#### The problem
Extract, from the records beneath this instruction, each line that contains the word "lspan".

------------------------------------

(* Let $R=k\langle x_1,\dots,x_n\rangle/(S)$ be a quadratic monomial algebra, $S$ a set of monomials $x_ix_j$, and suppose $R$ is initially Koszul with Groebner flag $(x_1,\dots,x_n)$. Let $R^!=k\langle x_1^*,\dots,x_n^*\rangle/(\{x_i^*x_j^* : x_ix_j\notin S\})$ be its quadratic dual algebra. Then $R^!$ is initially Koszul with Groebner flag $(x_n^*,\dots,x_1^* )$.
   Context: For a standard algebra $A$ (graded, $A_0=k$, generated by $A_1$) and a basis $y_1,\dots,y_n$ of $A_1$, let $I_k=y_1A+\dots+y_kA$ ($I_0=0$). $A$ is initially Koszul with Groebner flag $(y_1,\dots,y_n)$ if for each $1\le k\le n$ the right ideal $\{a\in A: y_ka\in I_{k-1}\}$ equals $I_j$ for some $j$ (equivalently $\{I_0,\dots,I_n\}$ is a Koszul filtration). *)

theory Defs
  imports Main
begin

text \<open>Free associative algebra k<x_1,...,x_n> over a field 'k: elements are finitely
supported coefficient functions on words (lists of variable indices in {1..n}).\<close>

definition free_alg :: "'k::field itself \<Rightarrow> nat \<Rightarrow> (nat list \<Rightarrow> 'k) set" where
  "free_alg K n = {f. finite {w. f w \<noteq> 0} \<and> {w. f w \<noteq> 0} \<subseteq> lists {1..n}}"

definition mono :: "nat list \<Rightarrow> (nat list \<Rightarrow> 'k::field)" where
  "mono u = (\<lambda>w. if w = u then 1 else 0)"

definition var :: "nat \<Rightarrow> (nat list \<Rightarrow> 'k::field)" where
  "var i = mono [i]"

definition fmul :: "(nat list \<Rightarrow> 'k::field) \<Rightarrow> (nat list \<Rightarrow> 'k) \<Rightarrow> (nat list \<Rightarrow> 'k)" where
  "fmul f g = (\<lambda>w. \<Sum>m\<le>length w. f (take m w) * g (drop m w))"

definition lspan :: "(nat list \<Rightarrow> 'k::field) set \<Rightarrow> (nat list \<Rightarrow> 'k) set" where
  "lspan B = {(\<lambda>w. \<Sum>b\<in>T. c b * b w) | T c. finite T \<and> T \<subseteq> B}"

definition mon_ideal :: "'k::field itself \<Rightarrow> nat \<Rightarrow> (nat \<times> nat) set \<Rightarrow> (nat list \<Rightarrow> 'k) set" where
  "mon_ideal K n S = lspan {fmul (fmul a (fmul (var i) (var j))) b | a b i j.
       a \<in> free_alg K n \<and> b \<in> free_alg K n \<and> (i, j) \<in> S}"

text \<open>Preimage in the free algebra of the right ideal I_m = y_1 R + ... + y_m R of
R = k<x>/(S), for a flag ys of variables (y_l = x_(ys!(l-1))).\<close>
definition flag_ideal :: "'k::field itself \<Rightarrow> nat \<Rightarrow> (nat \<times> nat) set \<Rightarrow> nat list \<Rightarrow> nat \<Rightarrow> (nat list \<Rightarrow> 'k) set" where
  "flag_ideal K n S ys m = lspan ({fmul (var (ys ! l)) a | l a. l < m \<and> a \<in> free_alg K n}
                                 \<union> mon_ideal K n S)"

text \<open>R = k<x_1..x_n>/(S) is initially Koszul with Groebner flag (x_(ys!0), ..., x_(ys!(n-1))),
where ys is an ordering of the variables (hence a basis of R_1).
The condition {a in R. y_k a in I_(k-1)} = I_j is expressed through preimages in the free
algebra (all sets involved contain (S)).\<close>
definition init_koszul_mon :: "'k::field itself \<Rightarrow> nat \<Rightarrow> (nat \<times> nat) set \<Rightarrow> nat list \<Rightarrow> bool" where
  "init_koszul_mon K n S ys \<longleftrightarrow> distinct ys \<and> set ys = {1..n} \<and>
     (\<forall>k\<in>{1..length ys}. \<exists>j\<le>length ys.
        {a \<in> free_alg K n. fmul (var (ys ! (k - 1))) a \<in> flag_ideal K n S ys (k - 1)}
          = flag_ideal K n S ys j)"

definition dual_rel :: "nat \<Rightarrow> (nat \<times> nat) set \<Rightarrow> (nat \<times> nat) set" where
  "dual_rel n S = ({1..n} \<times> {1..n}) - S"

end

theory Submission
  imports Defs
begin

text \<open>For a monomial algebra every ideal involved is spanned by the words it contains. The
preimage of I_m is spanned by the words that contain a relation or begin with one of the first m
flag letters, and the colon ideal of I_(k-1) by the k-th flag letter y is spanned by the words u
such that y u contains a relation. Comparing one-letter words shows that R is initially Koszul
with a given flag iff, for every letter y, the letters x with x_y x in S form an initial segment of
the flag. Passing to the dual replaces each such set by its complement, and the complement of an
initial segment of (x_1, ..., x_n) is an initial segment of the reversed flag.\<close>

definition has_factor :: "(nat \<times> nat) set \<Rightarrow> nat list \<Rightarrow> bool" where
  "has_factor S w \<longleftrightarrow> (\<exists>u i j v. w = u @ [i, j] @ v \<and> (i, j) \<in> S)"

lemma has_factor_Nil [simp]: "\<not> has_factor S []"
  by (simp add: has_factor_def)

lemma has_factor_Cons:
  "has_factor S (y # u) \<longleftrightarrow> has_factor S u \<or> (u \<noteq> [] \<and> (y, hd u) \<in> S)"
proof
  assume "has_factor S (y # u)"
  then obtain p i j v where "y # u = p @ [i, j] @ v" "(i, j) \<in> S"
    unfolding has_factor_def by blast
  then show "has_factor S u \<or> (u \<noteq> [] \<and> (y, hd u) \<in> S)"
    unfolding has_factor_def by (cases p) auto
next
  assume "has_factor S u \<or> (u \<noteq> [] \<and> (y, hd u) \<in> S)"
  then show "has_factor S (y # u)"
  proof
    assume "has_factor S u"
    then show ?thesis unfolding has_factor_def by (metis append_Cons)
  next
    assume "u \<noteq> [] \<and> (y, hd u) \<in> S"
    then show ?thesis unfolding has_factor_def by (metis append_Cons append_Nil list.collapse)
  qed
qed

definition word_span :: "nat list set \<Rightarrow> (nat list \<Rightarrow> 'k::field) set" where
  "word_span P = {f. finite {w. f w \<noteq> 0} \<and> {w. f w \<noteq> 0} \<subseteq> P}"

lemma free_alg_eq_word_span: "free_alg K n = word_span (lists {1..n})"
  by (simp add: free_alg_def word_span_def)

lemma word_span_mono: "P \<subseteq> Q \<Longrightarrow> word_span P \<subseteq> word_span Q"
  by (auto simp: word_span_def)

lemma word_span_Int: "word_span P \<inter> word_span Q = word_span (P \<inter> Q)"
  by (auto simp: word_span_def)

lemma support_mono: "{w. (mono u :: nat list \<Rightarrow> 'k::field) w \<noteq> 0} = {u}"
  by (auto simp: mono_def)

lemma mono_in_word_span_iff: "(mono w :: nat list \<Rightarrow> 'k::field) \<in> word_span P \<longleftrightarrow> w \<in> P"
  by (simp add: word_span_def support_mono)

lemma word_span_eq_iff:
  "(word_span P :: (nat list \<Rightarrow> 'k::field) set) = word_span Q \<longleftrightarrow> P = Q"
proof
  assume "(word_span P :: (nat list \<Rightarrow> 'k) set) = word_span Q"
  then have "(mono w :: nat list \<Rightarrow> 'k) \<in> word_span P \<longleftrightarrow> (mono w :: nat list \<Rightarrow> 'k) \<in> word_span Q"
    for w
    by simp
  then show "P = Q"
    unfolding mono_in_word_span_iff by blast
qed simp

lemma mono_inj: "inj (mono :: nat list \<Rightarrow> nat list \<Rightarrow> 'k::field)"
  by (rule injI) (metis singleton_inject support_mono)

lemma fmul_mono: "fmul (mono u) (mono v) = (mono (u @ v) :: nat list \<Rightarrow> 'k::field)"
proof
  fix w
  have "fmul (mono u) (mono v) w = (\<Sum>m\<le>length w. if m = length u \<and> w = u @ v then (1::'k) else 0)"
    unfolding fmul_def
  proof (rule sum.cong)
    fix m assume "m \<in> {..length w}"
    then have "(take m w = u \<and> drop m w = v) \<longleftrightarrow> (m = length u \<and> w = u @ v)"
      by (metis append_eq_conv_conj atMost_iff length_take min.absorb2)
    then show "mono u (take m w) * mono v (drop m w) = (if m = length u \<and> w = u @ v then (1::'k) else 0)"
      unfolding mono_def by auto
  qed simp
  also have "\<dots> = mono (u @ v) w"
    unfolding mono_def by auto
  finally show "fmul (mono u) (mono v) w = (mono (u @ v) w :: 'k)" .
qed

lemma fmul_var: "fmul (var y) a = (\<lambda>w. if w \<noteq> [] \<and> hd w = y then a (tl w) else 0)"
proof
  fix w
  show "fmul (var y) a w = (if w \<noteq> [] \<and> hd w = y then a (tl w) else 0)"
  proof (cases w)
    case Nil
    then show ?thesis by (simp add: fmul_def var_def mono_def)
  next
    case (Cons x u)
    have "fmul (var y) a w = (\<Sum>m\<le>Suc (length u). var y (take m (x # u)) * a (drop m (x # u)))"
      unfolding fmul_def Cons by simp
    also have "\<dots> = var y [] * a (x # u) + (\<Sum>m\<le>length u. var y (x # take m u) * a (drop m u))"
      by (subst sum.atMost_Suc_shift) simp
    also have "\<dots> = (\<Sum>m\<le>length u. var y (x # take m u) * a (drop m u))"
      by (simp add: var_def mono_def)
    also have "\<dots> = (\<Sum>m\<le>length u. if m = 0 \<and> x = y then a u else 0)"
      by (rule sum.cong) (auto simp: var_def mono_def)
    also have "\<dots> = (if x = y then a u else 0)"
      by simp
    finally show ?thesis using Cons by simp
  qed
qed

lemma fmul_var_in_word_span_iff:
  "fmul (var y) a \<in> word_span P \<longleftrightarrow> a \<in> word_span {u. y # u \<in> P}"
proof -
  have "{w. fmul (var y) a w \<noteq> 0} = Cons y ` {u. a u \<noteq> 0}"
    unfolding fmul_var by (auto simp: image_iff) (metis list.collapse)
  then show ?thesis
    unfolding word_span_def by (auto simp: finite_image_iff)
qed

lemma support_fmul_subset:
  "{w. fmul f g w \<noteq> 0} \<subseteq> (\<lambda>(u, v). u @ v) ` ({u. f u \<noteq> 0} \<times> {v. g v \<noteq> 0})"
proof
  fix w assume "w \<in> {w. fmul f g w \<noteq> 0}"
  then obtain m where "f (take m w) * g (drop m w) \<noteq> 0"
    unfolding fmul_def by (auto intro: sum.not_neutral_contains_not_neutral)
  then show "w \<in> (\<lambda>(u, v). u @ v) ` ({u. f u \<noteq> 0} \<times> {v. g v \<noteq> 0})"
    by (intro image_eqI[where x = "(take m w, drop m w)"]) auto
qed
text \<open>Restriction of the sum to the ray through the coprime pair (p,q): the weights p/m on
  the points m = p k of the ray turn the sum into the series c(p,q).\<close>
lemma ray_sum_sums:
  fixes a :: "nat \<Rightarrow> complex"
  assumes pq: "0 < p" "0 < q" "coprime p q"
    and hs: "((\<lambda>(m,n). a m * cnj (a n) * (if m * q = n * p then of_nat p / of_nat m else 0))
               has_sum R) pos_pairs"
  shows "(\<lambda>k. a (p * Suc k) * cnj (a (q * Suc k)) / of_nat (Suc k)) sums R"
proof -
  define l where "l = (\<lambda>(m,n). a m * cnj (a n) * (if m * q = n * p then of_nat p / of_nat m else 0))"
  define \<phi> where "\<phi> k = (p * Suc k, q * Suc k)" for k
  have "(l has_sum R) (range \<phi>)"
  proof (rule has_sum_cong_neutral[THEN iffD1, OF _ _ _ hs[folded l_def]])
    fix x assume "x \<in> pos_pairs - range \<phi>"
    then obtain m n where x: "x = (m,n)" "0 < m" "(m,n) \<notin> range \<phi>" by auto
    then have "m * q \<noteq> n * p" using coprime_ray[OF x(2) pq(1,3)] by (auto simp: \<phi>_def)
    then show "l x = 0" by (simp add: l_def x)
  qed (use pq in \<open>auto simp: \<phi>_def\<close>)
  moreover have "inj \<phi>" using pq by (auto simp: \<phi>_def inj_def)
  ultimately have "((l \<circ> \<phi>) has_sum R) UNIV" using has_sum_reindex by blast
  moreover have "(l \<circ> \<phi>) = (\<lambda>k. a (p * Suc k) * cnj (a (q * Suc k)) / of_nat (Suc k))"
  proof
    fix k
    have "p * Suc k * q = q * Suc k * p" by (simp only: mult_ac)
    moreover have "(of_nat p / of_nat (p * Suc k) :: complex) = 1 / of_nat (Suc k)"
      using pq(1) by (simp only: of_nat_mult) (simp add: field_simps del: of_nat_Suc)
    ultimately show "(l \<circ> \<phi>) k = a (p * Suc k) * cnj (a (q * Suc k)) / of_nat (Suc k)"
      by (simp add: l_def \<phi>_def)
  qed
  ultimately show ?thesis by (simp add: has_sum_imp_sums)
qed

lemma tent_test_has_sum:
  fixes a :: "nat \<Rightarrow> complex"
  assumes a: "summable (\<lambda>n. norm (a (Suc n)) / sqrt (real (Suc n)))"
    and iso: "\<forall>f\<in>C0_pos. \<forall>g\<in>C0_pos.
            L2_inner (T_op a f) (T_op a g) = complex_of_real (C ^ 2) * L2_inner f g"
    and pq: "0 < p" "0 < q" "coprime p q"
  shows "eventually (\<lambda>\<delta>. ((\<lambda>(m,n). a m * cnj (a n) *
      (dil_inner (tent_at \<delta> p) (tent_at \<delta> q) m n / complex_of_real (tent_energy \<delta>)))
        has_sum (if p = 1 \<and> q = 1 then complex_of_real (C ^ 2) else 0)) pos_pairs) (at_right 0)"
proof -
  have "eventually (\<lambda>\<delta>. \<delta> \<in> {0<..<1}) (at_right (0::real))" by (rule eventually_at_right_real) simp
  moreover have "eventually (\<lambda>\<delta>. complex_of_real (C ^ 2) *
      (dil_inner (tent_at \<delta> p) (tent_at \<delta> q) 1 1 / complex_of_real (tent_energy \<delta>))
      = (if p = 1 \<and> q = 1 then complex_of_real (C ^ 2) else 0)) (at_right 0)"
  proof -
    have "1 * q = 1 * p \<longleftrightarrow> p = 1 \<and> q = 1" using pq(3) by auto
    then have "eventually (\<lambda>\<delta>. dil_inner (tent_at \<delta> p) (tent_at \<delta> q) 1 1
        / complex_of_real (tent_energy \<delta>) = (if p = 1 \<and> q = 1 then 1 else 0)) (at_right 0)"
      using dil_inner_tent_limit[of 1 1 p q] pq by (auto elim!: eventually_mono)
    then show ?thesis by (rule eventually_mono) simp
  qed
  ultimately show ?thesis
  proof eventually_elim
    case (elim \<delta>)
    let ?f = "tent_at \<delta> p" and ?g = "tent_at \<delta> q"
    have fg: "?f \<in> C0_pos" "?g \<in> C0_pos" using elim(1) pq by (auto intro: tent_at_C0_pos)
    have "((\<lambda>(m,n). a m * cnj (a n) * dil_inner ?f ?g m n) has_sum
        complex_of_real (C ^ 2) * dil_inner ?f ?g 1 1) pos_pairs"
      using T_inner_expansion[OF fg a] iso fg by (simp add: L2_inner_dil_inner)
    from has_sum_divide_const[OF this, of "complex_of_real (tent_energy \<delta>)"]
    show ?case using elim(2) by (simp add: case_prod_beta' times_divide_eq_right)
  qed
qed

lemma tent_term_bound:
  fixes a :: "nat \<Rightarrow> complex"
  assumes \<delta>: "0 < \<delta>" and mn: "0 < m" "0 < n" and pq: "0 < p" "0 < q"
  shows "norm (a m * cnj (a n) *
           (dil_inner (tent_at \<delta> p) (tent_at \<delta> q) m n / complex_of_real (tent_energy \<delta>)))
         \<le> 8 * sqrt (real p * real q) * (norm (a m) / sqrt (real m) * (norm (a n) / sqrt (real n)))"
proof -
  have E: "\<delta> / 4 \<le> tent_energy \<delta>" using tent_energy_lower[OF \<delta>] .
  have "norm (a m * cnj (a n) *
        (dil_inner (tent_at \<delta> p) (tent_at \<delta> q) m n / complex_of_real (tent_energy \<delta>)))
      = norm (a m) * norm (a n) *
        (norm (dil_inner (tent_at \<delta> p) (tent_at \<delta> q) m n) / tent_energy \<delta>)"
    using E \<delta> by (simp add: norm_mult norm_divide)
  also have "\<dots> \<le> norm (a m) * norm (a n) *
      ((2 * \<delta> * sqrt (real p * real q) / sqrt (real m * real n)) / (\<delta> / 4))"
    using E \<delta> dil_inner_tent_bound[OF \<delta> mn pq] by (intro mult_left_mono frac_le) auto
  also have "\<dots> = 8 * sqrt (real p * real q) * (norm (a m) / sqrt (real m) * (norm (a n) / sqrt (real n)))"
    using \<delta> by (simp add: real_sqrt_mult field_simps)
  finally show ?thesis .
qed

------------------------------------

#### Your solution
definition lspan :: "(nat list \<Rightarrow> 'k::field) set \<Rightarrow> (nat list \<Rightarrow> 'k) set" where
  "lspan B = {(\<lambda>w. \<Sum>b\<in>T. c b * b w) | T c. finite T \<and> T \<subseteq> B}"
  "mon_ideal K n S = lspan {fmul (fmul a (fmul (var i) (var j))) b | a b i j.
  "flag_ideal K n S ys m = lspan ({fmul (var (ys ! l)) a | l a. l < m \<and> a \<in> free_alg K n}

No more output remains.